6. Admission, Retirement, and Expulsion
Admission:
- Governed by LLP agreement
Retirement:
- Notice provisions or mutual consent
Expulsion:
- Must follow strict contractual provisions
Key Cases:
- Blisset v Daniel
Established principle: expulsion must be exercised in good faith (applied analogously to LLPs) - Eaton v Caulfield
Reinforced need for bona fide exercise of expulsion powers
7. Liability and Risk Allocation
Limited Liability:
- Members not personally liable for LLP debts
Exceptions:
- Personal guarantees
- Fraud or wrongful trading
Case:
- Williams v Natural Life Health Foods Ltd
Clarified limits of personal liability for corporate actors, relevant by analogy to LLP members.
8. Financial Disclosure and Transparency
LLPs must:
- File annual accounts
- Maintain accounting records
- Comply with transparency rules similar to companies
Case:
- Clyde & Co LLP v Bates van Winkelhof
Held LLP members can qualify as workers, extending whistleblowing protections—important governance implication.
9. Dispute Resolution in LLPs
Common mechanisms:
- Arbitration clauses
- Mediation
- Court litigation
Case:
- Hurst v Bryk
Addressed partnership disputes and accounting principles, influential in LLP disputes.

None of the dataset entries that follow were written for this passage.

(* Let $G=(U,V,E)$ be a path-restricted ordered bipartite graph and let $x$ be a vertex of $G$. Two forward paths starting at $x$ in the same direction (both with increasing orders, or both with decreasing orders) never meet again: if both reach a common vertex $y\neq x$, then their subpaths from $x$ to $y$ coincide.
   Context: An ordered bipartite graph is $G=(U,V,E)$ where $U,V$ are disjoint finite sets, each carrying a strict total order (both written $<$), and $E\subseteq U\times V$. A path is a sequence of edges in which consecutive edges share a vertex. A path visiting the vertices of $U$ in the order $u_1,\dots,u_k$ and those of $V$ in the order $v_1,\dots,v_l$ is a forward path if either $u_1<\dots<u_k$ and $v_1<\dots<v_l$, or $u_1>\dots>u_k$ and $v_1>\dots>v_l$. For $x\le y$ in $U$ write $\langle x,y\rangle=\{u\in U: x\le u\le y\}$, and similarly in $V$. If $u_a<u_b$ are the smallest and largest $U$-vertices and $v_c<v_d$ the smallest and largest $V$-vertices of a forward path $P$, the range of $P$ is $\{\langle u_a,u_b\rangle,\langle v_c,v_d\rangle\}$. A vertex of $P$ is non-terminal if it is adjacent along $P$ to two vertices of $P$. An edge is a back edge to $P$ if either it is $(u_a,v_j)$ with $v_j\in\langle v_c,v_d\rangle$ and $v_j>v'$ for some non-terminal vertex $v'\in V$ of $P$, or it is $(u_i,v_c)$ with $u_i\in\langle u_a,u_b\rangle$ and $u_i>u'$ for some non-terminal vertex $u'\in U$ of $P$. $G$ is a path-restricted ordered bipartite graph (PRBG) if no forward path in $G$ has a back edge in $E$. *)

theory Defs
  imports Main
begin

text \<open>An ordered bipartite graph: the vertex classes are sets U :: 'u set and
V :: 'v set carrying the strict total orders of the linorder types 'u, 'v;
vertices of G are represented in the disjoint sum 'u + 'v (Inl for U, Inr for V).\<close>

definition vert :: "'u set \<Rightarrow> 'v set \<Rightarrow> ('u + 'v) \<Rightarrow> bool" where
  "vert U V w \<longleftrightarrow> (case w of Inl u \<Rightarrow> u \<in> U | Inr v \<Rightarrow> v \<in> V)"

definition adj :: "('u \<times> 'v) set \<Rightarrow> ('u + 'v) \<Rightarrow> ('u + 'v) \<Rightarrow> bool" where
  "adj E a b \<longleftrightarrow> (\<exists>u v. (u, v) \<in> E \<and> ((a = Inl u \<and> b = Inr v) \<or> (a = Inr v \<and> b = Inl u)))"

definition is_path :: "'u set \<Rightarrow> 'v set \<Rightarrow> ('u \<times> 'v) set \<Rightarrow> ('u + 'v) list \<Rightarrow> bool" where
  "is_path U V E P \<longleftrightarrow> P \<noteq> [] \<and> (\<forall>w\<in>set P. vert U V w) \<and>
     (\<forall>i. Suc i < length P \<longrightarrow> adj E (P ! i) (P ! Suc i))"

definition useq :: "('u + 'v) list \<Rightarrow> 'u list" where
  "useq P = map projl (filter isl P)"

definition vseq :: "('u + 'v) list \<Rightarrow> 'v list" where
  "vseq P = map projr (filter (\<lambda>w. \<not> isl w) P)"

definition fwd_inc :: "'u::linorder set \<Rightarrow> 'v::linorder set \<Rightarrow> ('u \<times> 'v) set \<Rightarrow> ('u + 'v) list \<Rightarrow> bool" where
  "fwd_inc U V E P \<longleftrightarrow> is_path U V E P \<and> sorted_wrt (<) (useq P) \<and> sorted_wrt (<) (vseq P)"

definition fwd_dec :: "'u::linorder set \<Rightarrow> 'v::linorder set \<Rightarrow> ('u \<times> 'v) set \<Rightarrow> ('u + 'v) list \<Rightarrow> bool" where
  "fwd_dec U V E P \<longleftrightarrow> is_path U V E P \<and> sorted_wrt (>) (useq P) \<and> sorted_wrt (>) (vseq P)"

definition forward_path :: "'u::linorder set \<Rightarrow> 'v::linorder set \<Rightarrow> ('u \<times> 'v) set \<Rightarrow> ('u + 'v) list \<Rightarrow> bool" where
  "forward_path U V E P \<longleftrightarrow> fwd_inc U V E P \<or> fwd_dec U V E P"

text \<open>A vertex of P is non-terminal if it is adjacent along P to two vertices of P,
i.e. it occurs at an interior position of the vertex list.\<close>
definition non_terminal :: "('u + 'v) list \<Rightarrow> ('u + 'v) \<Rightarrow> bool" where
  "non_terminal P w \<longleftrightarrow> (\<exists>i. 0 < i \<and> Suc i < length P \<and> P ! i = w)"

definition Us :: "('u + 'v) list \<Rightarrow> 'u set" where
  "Us P = {u. Inl u \<in> set P}"

definition Vs :: "('u + 'v) list \<Rightarrow> 'v set" where
  "Vs P = {v. Inr v \<in> set P}"

definition back_edge :: "'u::linorder set \<Rightarrow> 'v::linorder set \<Rightarrow> ('u + 'v) list \<Rightarrow> ('u \<times> 'v) \<Rightarrow> bool" where
  "back_edge U V P e \<longleftrightarrow>
     (fst e = Min (Us P) \<and> snd e \<in> V \<and> Min (Vs P) \<le> snd e \<and> snd e \<le> Max (Vs P) \<and>
        (\<exists>v'. non_terminal P (Inr v') \<and> v' < snd e))
   \<or> (snd e = Min (Vs P) \<and> fst e \<in> U \<and> Min (Us P) \<le> fst e \<and> fst e \<le> Max (Us P) \<and>
        (\<exists>u'. non_terminal P (Inl u') \<and> u' < fst e))"

definition PRBG :: "'u::linorder set \<Rightarrow> 'v::linorder set \<Rightarrow> ('u \<times> 'v) set \<Rightarrow> bool" where
  "PRBG U V E \<longleftrightarrow> finite U \<and> finite V \<and> E \<subseteq> U \<times> V \<and>
     (\<forall>P e. forward_path U V E P \<and> e \<in> E \<longrightarrow> \<not> back_edge U V P e)"

end

theory Submission
  imports Defs
begin

text \<open>Reversal turns decreasing forward paths into increasing ones, and exchanging the roles of
  U and V preserves everything, so consider two increasing forward paths leaving a U-vertex u
  along different edges (u, va) and (u, vb), va < vb, that end in the same vertex w.
  If w is a V-vertex, then va < vb \<le> w, so (u, vb) is a back edge to the path through va.
  If w is a U-vertex, the path through va continues to some u1 with u < u1 \<le> w, and
  (u1, va) is a back edge to the increasing path va, u, vb, \<dots>, w.
  Hence two increasing forward paths with common ends can never branch apart, and they coincide.\<close>

lemma useq_simps [simp]:
  "useq [] = []" "useq (Inl u # P) = u # useq P" "useq (Inr v # P) = useq P"
  "useq (P @ Q) = useq P @ useq Q" "useq (rev P) = rev (useq P)"
  by (auto simp: useq_def rev_filter rev_map)
(* Let $\mathfrak{R}$ be either $\mathbb{F}_q$ ($q$ a prime power) or $\mathbb{Z}_k$ ($k\ge 2$), with character $\chi$ as in the context. Let $C$ and $D$ be two $\mathfrak{R}$-linear codes of length $n$ and $\bm{w}\in\mathfrak{R}^n$. Then (i) $\displaystyle \mathfrak{Jac}(C^{\perp},D,\bm{w}; x_{a} : a \in \mathfrak{R}^{3})=\frac{1}{|C|}\,\mathfrak{Jac}\Big(C,D,\bm{w};\ \sum_{b\in\mathfrak{R}}\chi(a_1 b)\,x_{(b,a_2,a_3)} : a\in\mathfrak{R}^3\Big)$; (ii) $\displaystyle \mathfrak{Jac}(C^{\perp},D^{\perp},\bm{w}; x_{a} : a \in \mathfrak{R}^{3})=\frac{1}{|C||D|}\,\mathfrak{Jac}\Big(C,D,\bm{w};\ \sum_{b_1,b_2\in\mathfrak{R}}\chi(a_1 b_1+a_2b_2)\,x_{(b_1,b_2,a_3)} : a\in\mathfrak{R}^3\Big)$, where on the right-hand sides each variable $x_{(a_1,a_2,a_3)}$ of $\mathfrak{Jac}(C,D,\bm{w};x_a:a\in\mathfrak{R}^3)$ is replaced by the indicated linear form.
   Context: An $\mathbb{F}_q$-linear code of length $n$ is a subspace of $\mathbb{F}_q^n$; a $\mathbb{Z}_k$-linear code of length $n$ is an additive subgroup of $\mathbb{Z}_k^n$. For $\bm{u},\bm{v}\in\mathfrak{R}^n$, $\bm{u}\cdot\bm{v}=\sum_i u_iv_i$, and $C^\perp=\{\bm{v}\in\mathfrak{R}^n : \bm{u}\cdot\bm{v}=0 \ \forall \bm{u}\in C\}$. The character $\chi$: if $\mathfrak{R}=\mathbb{F}_q$, $q=p^f$, fix a root $\lambda$ of a primitive irreducible polynomial of degree $f$ over $\mathbb{F}_p$, write $\alpha=\alpha_0+\alpha_1\lambda+\cdots+\alpha_{f-1}\lambda^{f-1}$ ($\alpha_i\in\mathbb{F}_p$) and set $\chi(\alpha)=\zeta_p^{\alpha_0}$, $\zeta_p$ a primitive $p$-th root of unity; if $\mathfrak{R}=\mathbb{Z}_k$, $\chi(\alpha)=\zeta_k^{\alpha}$, $\zeta_k$ a primitive $k$-th root of unity. For $a\in\mathfrak{R}^3$, $h_a(\bm{u},\bm{v};\bm{w})=\#\{i:(u_i,v_i,w_i)=a\}$, and the complete joint Jacobi polynomial is $\mathfrak{Jac}(C,D,\bm{w};x_a : a\in\mathfrak{R}^3)=\sum_{\bm{u}\in C,\bm{v}\in D}\prod_{a\in\mathfrak{R}^3}x_a^{h_a(\bm{u},\bm{v};\bm{w})}$. *)

theory Defs
  imports Complex_Main "HOL-Analysis.Finite_Cartesian_Product" "HOL-Computational_Algebra.Primes"
begin

definition prim_root_unity :: "nat \<Rightarrow> complex \<Rightarrow> bool" where
  "prim_root_unity m z \<longleftrightarrow> z ^ m = 1 \<and> (\<forall>j. 0 < j \<and> j < m \<longrightarrow> z ^ j \<noteq> 1)"

text \<open>Setting 1: the ring 'a is a finite field F_q, q = p^f, p = CHAR('a), and chi is the
  paper's character: lam is a root of a primitive irreducible polynomial of degree f over F_p
  (i.e. lam generates the multiplicative group, order q-1), and
  chi(a_0 + a_1 lam + ... + a_(f-1) lam^(f-1)) = zeta_p ^ a_0 with zeta_p a primitive p-th root of unity.\<close>
definition Fq_setting :: "('a::{comm_ring_1,finite} \<Rightarrow> complex) \<Rightarrow> bool" where
  "Fq_setting chr \<longleftrightarrow>
     (\<forall>x::'a. x \<noteq> 0 \<longrightarrow> (\<exists>y. x * y = 1)) \<and> prime (CHAR('a)) \<and>
     (\<exists>lam f \<zeta>.
        f \<ge> 1 \<and> CARD('a) = CHAR('a) ^ f \<and>
        lam ^ (CARD('a) - 1) = 1 \<and> (\<forall>j. 0 < j \<and> j < CARD('a) - 1 \<longrightarrow> lam ^ j \<noteq> 1) \<and>
        prim_root_unity (CHAR('a)) \<zeta> \<and>
        (\<forall>(c :: nat \<Rightarrow> nat).  (\<forall>i<f. c i < CHAR('a)) \<longrightarrow>
            chr (\<Sum>i<f. of_nat (c i) * lam ^ i) = \<zeta> ^ (c 0)))"

text \<open>Setting 2: the ring 'a is Z_k (k = CHAR('a) \<ge> 2; every element is the image of a
  natural number), and chi(m) = zeta_k ^ m with zeta_k a primitive k-th root of unity.\<close>
definition Zk_setting :: "('a::{comm_ring_1,finite} \<Rightarrow> complex) \<Rightarrow> bool" where
  "Zk_setting chr \<longleftrightarrow>
     CHAR('a) \<ge> 2 \<and> (\<forall>x::'a. \<exists>m::nat. x = of_nat m) \<and>
     (\<exists>\<zeta>::complex. prim_root_unity (CHAR('a)) \<zeta> \<and> (\<forall>m::nat. chr (of_nat m) = \<zeta> ^ m))"

definition subspace_code :: "('a::comm_ring_1 ^ 'n) set \<Rightarrow> bool" where
  "subspace_code C \<longleftrightarrow> 0 \<in> C \<and> (\<forall>u\<in>C. \<forall>v\<in>C. u + v \<in> C) \<and> (\<forall>c. \<forall>u\<in>C. c *s u \<in> C)"

definition additive_code :: "('a::comm_ring_1 ^ 'n) set \<Rightarrow> bool" where
  "additive_code C \<longleftrightarrow> 0 \<in> C \<and> (\<forall>u\<in>C. \<forall>v\<in>C. u + v \<in> C) \<and> (\<forall>u\<in>C. - u \<in> C)"

definition dotp :: "'a::comm_ring_1 ^ 'n \<Rightarrow> 'a ^ 'n \<Rightarrow> 'a" where
  "dotp u v = (\<Sum>i\<in>UNIV. u $ i * v $ i)"

definition dual_code :: "('a::comm_ring_1 ^ 'n) set \<Rightarrow> ('a ^ 'n) set" where
  "dual_code C = {v. \<forall>u\<in>C. dotp u v = 0}"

10. Insolvency and Winding Up
LLPs follow corporate insolvency procedures under:
- Insolvency Act 1986
Case:
- Re Lehman Brothers International (Europe)
Though not LLP-specific, clarified distribution principles relevant to LLP insolvency contexts.
Key Governance Principles (Summary)
- Contractual supremacy – LLP agreement is central
- Separate legal personality – LLP distinct from members
- Limited liability – core protection
- Flexible governance – customizable structure
- Conditional fiduciary duties – not automatic
- Regulatory oversight – via Companies House and statutory filings
Conclusion
The UK LLP structure is a flexible, contract-driven governance model with corporate characteristics. Courts consistently emphasize:
- The primacy of the LLP agreement
- The importance of good faith and proper purpose
- The balance between limited liability and accountability
The case law demonstrates that while LLPs borrow from partnership principles, they are firmly treated as corporate entities with contractual governance frameworks, making them particularly attractive for professional services firms and investment structures.